Three new notes for you:

1.5Y USD, BRC on HP, 8% guaranteed coupon

On 27th of February HP Inc missed its Q1 revenues target by USD 150 M. On the other hand, the company beat slightly its earning per share. As a result, the stock heavily dropped by 16.94% on the 27th of February. Still the company reiterates its FY19 guidance with EPS from USD 2.12 to USD 2.22. After the recent results, Bank of America downgraded HP Inc from Buy to Underperform and lowering the target from $ 30 to $19

Some investors believe that the stock drop was exaggerated, that the company should still have a good potential betting on the growth of the 3D printing industry (referred to by HP Inc CEO as the “Fourth industrial revolution). Qualified investors with some conviction on the stock and the industry could consider the recent peak of volatility as an opportunity to gain exposure to HP Inc either directly or via a structured strategy

The structure runs for 18 months, offering a guaranteed return of 8% p.a. The structure offers a capital protection thanks to a European barrier at 73% (equivalent at USD 16.95). Other alternatives are available (see below) on other names such as Tesla, Kraft… which have seen their stocks dropping last week

Product Parameters

Issuer rating A (rated by S&P)
Currency USD
Maturity 1.5 Year
Underlying HP inc. (HPQ UN)
Frequency Quarterly payment
Guaranteed coupon 8% p.a.
European barrier 72.84%
Investor Profil Neutral
Delivery Cash or Physical
Alternatives 1Y, Kraft, EU KI 70.92%, 8.00% p.a. guaranteed; 1Y, Tesla, EU KI 50%, 13.26% p.a. guaranteed; 1Y, WO: Tesla, HP, EU KI 50%, 14.52% p.a. guaranteed

Mechanism

Scenario 1:At maturity, HP up by 10%
Payoff:Qualified investors get 100% capital back + 2% coupon (8% p.a.). 10% coupon has already been paid (payout = 112%)
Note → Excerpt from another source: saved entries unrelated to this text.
text \<open>In a 2-regular graph the two neighbours of a are its successor and its predecessor,
  so every edge is traversed by an orientation in one direction.\<close>
lemma orientation_covers_edge:
  assumes s: "orientation W H s" and "finite W" "graph_on W H"
    and two_reg: "\<forall>v\<in>W. card (neighbours H v) = 2" and ab: "{a, b} \<in> H"
  shows "b = s a \<or> a = s b"
proof -
  have "a \<in> W" using graph_on_edgeD[OF assms(3) ab] by blast
  then obtain p where p: "p \<in> W" "s p = a" using orientation_image[OF s assms(2)] by force
  have "{a, s a} \<in> H" "{p, a} \<in> H" "s (s p) \<noteq> p"
    using s p \<open>a \<in> W\<close> unfolding orientation_def by auto
  then have "s a \<in> neighbours H a" "p \<in> neighbours H a" "s a \<noteq> p"
    using p(2) unfolding neighbours_def by (auto simp: insert_commute)
  then have "neighbours H a = {s a, p}"
    using doubleton_eq_if_card_2 two_reg \<open>a \<in> W\<close> by metis
  moreover have "b \<in> neighbours H a" using ab unfolding neighbours_def by simp
  ultimately show ?thesis using p(2) by blast
qed

lemma two_regular_remove_triangle:
  assumes H: "graph_on W H" and two_reg: "\<forall>u\<in>W. card (neighbours H u) = 2"
    and v: "v \<in> W" "neighbours H v = {a, b}" and ab: "{a, b} \<in> H"
  defines "T \<equiv> {v, a, b}" and "H' \<equiv> H - {{v, a}, {a, b}, {b, v}}"
  shows "graph_on (W - T) H'" "\<forall>u\<in>W - T. card (neighbours H' u) = 2"
proof -
  have va: "{v, a} \<in> H" "{v, b} \<in> H" using v(2) unfolding neighbours_def by auto
  have abW: "a \<in> W" "b \<in> W" "a \<noteq> b" "a \<noteq> v" "b \<noteq> v"
    using graph_on_edgeD[OF H] va ab by blast+
  have nb: "v \<in> neighbours H a" "b \<in> neighbours H a" "v \<in> neighbours H b" "a \<in> neighbours H b"
    using va ab unfolding neighbours_def by (auto simp: insert_commute)
  have "neighbours H a = {v, b}"
    by (rule doubleton_eq_if_card_2) (use nb two_reg abW in auto)
  moreover have "neighbours H b = {v, a}"
    by (rule doubleton_eq_if_card_2) (use nb two_reg abW in auto)
  ultimately have closed: "neighbours H u \<subseteq> T" if "u \<in> T" for u
    using that v(2) unfolding T_def by auto
  show "graph_on (W - T) H'"
    unfolding graph_on_def
  proof
    fix e assume "e \<in> H'"
    then have e_H: "e \<in> H" "e \<notin> {{v, a}, {a, b}, {b, v}}" unfolding H'_def by blast+
    then obtain p q where e: "e = {p, q}" "p \<noteq> q" "p \<in> W" "q \<in> W"
      using H unfolding graph_on_def by meson
    have "q \<in> neighbours H p" "p \<in> neighbours H q"
      using e(1) e_H(1) unfolding neighbours_def by (auto simp: insert_commute)
    then have "p \<in> T \<longleftrightarrow> q \<in> T" using closed by blast
    moreover have "p \<notin> T \<or> q \<notin> T" using e(1,2) e_H(2) unfolding T_def by auto
    ultimately show "\<exists>u w. e = {u, w} \<and> u \<noteq> w \<and> u \<in> W - T \<and> w \<in> W - T" using e by blast
  qed
  have "neighbours H' u = neighbours H u" if "u \<notin> T" for u
    using that unfolding H'_def T_def neighbours_def by auto
  then show "\<forall>u\<in>W - T. card (neighbours H' u) = 2" using two_reg by simp
qed
(* Let $P$ be a distribution on $\mathcal X\times\mathcal Y$, where every $\mathbf x\in\mathcal X\subseteq\mathbb R^d$ satisfies $\|\mathbf x\|\le 1$ and $\mathcal Y=\{-1,+1\}$ (classification) or $\mathcal Y=[-1,1]$ (regression), and let $(\mathbf x_1,y_1),\dots,(\mathbf x_n,y_n)$ be i.i.d. samples from $P$. Let $R>0$ and $\mathscr W=\{\mathbf w\in\mathbb R^d:\|\mathbf w\|\le R\}$. Let $\ell:\mathbb R\to\mathbb R_+$ be a convex loss such that $z\mapsto\exp(-\alpha\ell(z))$ is concave for $|z|\le R$ (for some $\alpha>0$) and $|\ell'(z)|\le G$. Let $\mathcal L(\mathbf w)=\mathrm E_{(\mathbf x,y)\sim P}[\ell(y\mathbf w^\top\mathbf x)]$ and $\mathbf w_*\in\arg\min_{\mathbf w\in\mathscr W}\mathcal L(\mathbf w)$. Suppose Assumption (I) holds with constant $\theta>0$, i.e. $\mathrm E[(\ell'(y\mathbf w_*^\top\mathbf x))^2\mathbf x\mathbf x^\top]\succeq\theta\,\mathrm E[\mathbf x\mathbf x^\top]$. Let $\widehat{\mathbf w}_*$ be a solution of $\min_{\mathbf w\in\mathscr W}\frac1n\sum_{i=1}^n\ell(y_i\mathbf w^\top\mathbf x_i)$. Define \[ \gamma=\max\left(1,\frac{G^2}{\theta},\frac{G}{\alpha\theta R}\right),\qquad \rho_0=\max\left(32\gamma,\sqrt{\gamma\left(28+\frac{3}{GR}\right)}\right). \] Then for any $t>0$, with probability at least $1-2me^{-t}$, where $m=\lceil\log_2 n\rceil$, \[ \mathcal L(\widehat{\mathbf w}_* )-\mathcal L(\mathbf w_* )\le\left(GR\left[32\rho_0+28\right]+3\right)\frac{t+2+d\log n}{n}. \]
   Context: $\ell'$ denotes the derivative of $\ell$; $\succeq$ denotes the positive semidefinite (Loewner) order; expectations are over $(\mathbf x,y)\sim P$. *)

theory Defs
  imports "HOL-Probability.Probability"
begin

definition pop_risk :: "('a::euclidean_space \<times> real) measure \<Rightarrow> (real \<Rightarrow> real) \<Rightarrow> 'a \<Rightarrow> real" where
  "pop_risk P loss w = (\<integral>z. loss (snd z * (w \<bullet> fst z)) \<partial>P)"

definition emp_risk :: "nat \<Rightarrow> (nat \<Rightarrow> 'a::euclidean_space \<times> real) \<Rightarrow> (real \<Rightarrow> real) \<Rightarrow> 'a \<Rightarrow> real" where
  "emp_risk n S loss w = (\<Sum>i<n. loss (snd (S i) * (w \<bullet> fst (S i)))) / real n"

text \<open>Second-moment matrices, via their quadratic forms v^T M v (Loewner order unfolded).\<close>
definition weighted_second_moment_form ::
  "('a::euclidean_space \<times> real) measure \<Rightarrow> ('a \<times> real \<Rightarrow> real) \<Rightarrow> 'a \<Rightarrow> real" where
  "weighted_second_moment_form P c v = (\<integral>z. c z * (v \<bullet> fst z)\<^sup>2 \<partial>P)"

end

theory Submission
  imports Defs
begin
lemma
  assumes "Ed \<subseteq> S \<times> S" and "backward_policy S Ed s0 P" and "s \<in> S"
  shows summable_hit_prob: "summable (\<lambda>t. hit_prob Ed s0 P t s)"
    and suminf_hit_prob_le_1: "(\<Sum>t. hit_prob Ed s0 P t s) \<le> 1"
proof -
  have partial: "(\<Sum>t<n. hit_prob Ed s0 P t s) \<le> 1" for n
    using hit_prob_partial_sums_le_1[OF assms] .
  show "summable (\<lambda>t. hit_prob Ed s0 P t s)"
    using partial[of "Suc _"] hit_prob_nonneg[OF assms]
    by (intro bounded_imp_summable) (auto simp: lessThan_Suc_atMost)
  then show "(\<Sum>t. hit_prob Ed s0 P t s) \<le> 1"
    using partial by (rule suminf_le_const)
qed

lemma hit_prob_le_1:
  assumes "Ed \<subseteq> S \<times> S" and "backward_policy S Ed s0 P" and "s \<in> S"
  shows "hit_prob Ed s0 P t s \<le> 1"
proof -
  have "hit_prob Ed s0 P t s \<le> (\<Sum>t'<Suc t. hit_prob Ed s0 P t' s)"
    using hit_prob_nonneg[OF assms] by (intro member_le_sum) auto
  also have "\<dots> \<le> 1" by (rule hit_prob_partial_sums_le_1[OF assms])
  finally show ?thesis .
qed

lemma relpow_if_hit_prob_nonzero:
  "hit_prob Ed s0 P t s \<noteq> 0 \<Longrightarrow> (s0, s) \<in> Ed ^^ t"
proof (induction t arbitrary: s)
  case 0
  then show ?case by (simp split: if_splits)
next
  case (Suc t)
  then obtain p where "(p, s) \<in> Ed" and "hit_prob Ed s0 P t p \<noteq> 0"
    by (auto split: if_splits elim: sum.not_neutral_contains_not_neutral)
  with Suc.IH show ?case by auto
qed

lemma hit_prob_eq_0_below_dist:
  "t < dist_G Ed s0 s \<Longrightarrow> hit_prob Ed s0 P t s = 0"
  using relpow_if_hit_prob_nonzero Least_le[of "\<lambda>n. (s0, s) \<in> Ed ^^ n" t]
  unfolding dist_G_def by fastforce

lemma expected_len_eq_ennreal:
  assumes "Ed \<subseteq> S \<times> S" and "backward_policy S Ed s0 P" and "sf \<in> S" and "sf \<noteq> s0"
    and mass: "(\<lambda>t. hit_prob Ed s0 P (Suc t) sf) sums 1"
    and moment: "(\<lambda>t. hit_prob Ed s0 P (Suc t) sf * real t) sums L"
  shows "expected_len Ed s0 sf P = ennreal L"
proof -
  have nonneg: "0 \<le> hit_prob Ed s0 P t sf" for t
    using hit_prob_nonneg[OF assms(1-3)] .
  have "(\<lambda>t. hit_prob Ed s0 P t sf) sums 1"
    using mass sums_Suc_iff[of "\<lambda>t. hit_prob Ed s0 P t sf" 1] \<open>sf \<noteq> s0\<close> by simp
  from suminf_ennreal_eq[OF nonneg this] have "(\<Sum>t. ennreal (hit_prob Ed s0 P t sf)) = 1"
    by simp
  moreover have "(\<Sum>t. ennreal (hit_prob Ed s0 P (Suc t) sf) * of_nat t) = ennreal L"
    using suminf_ennreal_eq[OF _ moment] nonneg
    by (simp add: ennreal_mult ennreal_of_nat_eq_real_of_nat del: hit_prob.simps)
  ultimately show ?thesis unfolding expected_len_def by simp
qed

lemma
  assumes "Ed \<subseteq> S \<times> S" and "backward_policy S Ed s0 P" and "sf \<in> S"
    and "sf \<noteq> s0" and finite_len: "expected_len Ed s0 sf P < top"
  shows expected_len_finite_mass: "(\<lambda>t. hit_prob Ed s0 P (Suc t) sf) sums 1"
    and expected_len_finite_moment: "summable (\<lambda>t. hit_prob Ed s0 P (Suc t) sf * real t)"
proof -
  have nonneg: "0 \<le> hit_prob Ed s0 P t sf" for t
    using hit_prob_nonneg[OF assms(1-3)] .
  have "(\<Sum>t. ennreal (hit_prob Ed s0 P t sf)) = ennreal (\<Sum>t. hit_prob Ed s0 P t sf)"
    using nonneg summable_hit_prob[OF assms(1-3)] by (rule suminf_ennreal2)
  then have "\<not> (\<Sum>t. hit_prob Ed s0 P t sf) < 1" and
    moment: "(\<Sum>t. ennreal (hit_prob Ed s0 P (Suc t) sf) * of_nat t) \<noteq> top"
    using finite_len by (auto simp: expected_len_def split: if_splits)
  then have "(\<Sum>t. hit_prob Ed s0 P t sf) = 1"
    using suminf_hit_prob_le_1[OF assms(1-3)] by linarith
  then show "(\<lambda>t. hit_prob Ed s0 P (Suc t) sf) sums 1"
    using summable_hit_prob[OF assms(1-3)] \<open>sf \<noteq> s0\<close>
    by (subst sums_Suc_iff) (simp add: summable_sums_iff)
  show "summable (\<lambda>t. hit_prob Ed s0 P (Suc t) sf * real t)"
    using moment nonneg
    by (intro summable_suminf_not_top)
      (simp_all add: ennreal_mult ennreal_of_nat_eq_real_of_nat del: hit_prob.simps)
qed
Scenario 2:At maturity, HP down by 5%
Payoff:Qualified investors get 100% capital back + 2% coupon (8% p.a.). 10% coupon has already been paid (payout = 112%)

Scenario 3:At maturity, HP down by 30%
Payoff:Qualified investors get 70% capital back + 2% coupon (8% p.a.). 10% coupon has already been paid (payout = 82%)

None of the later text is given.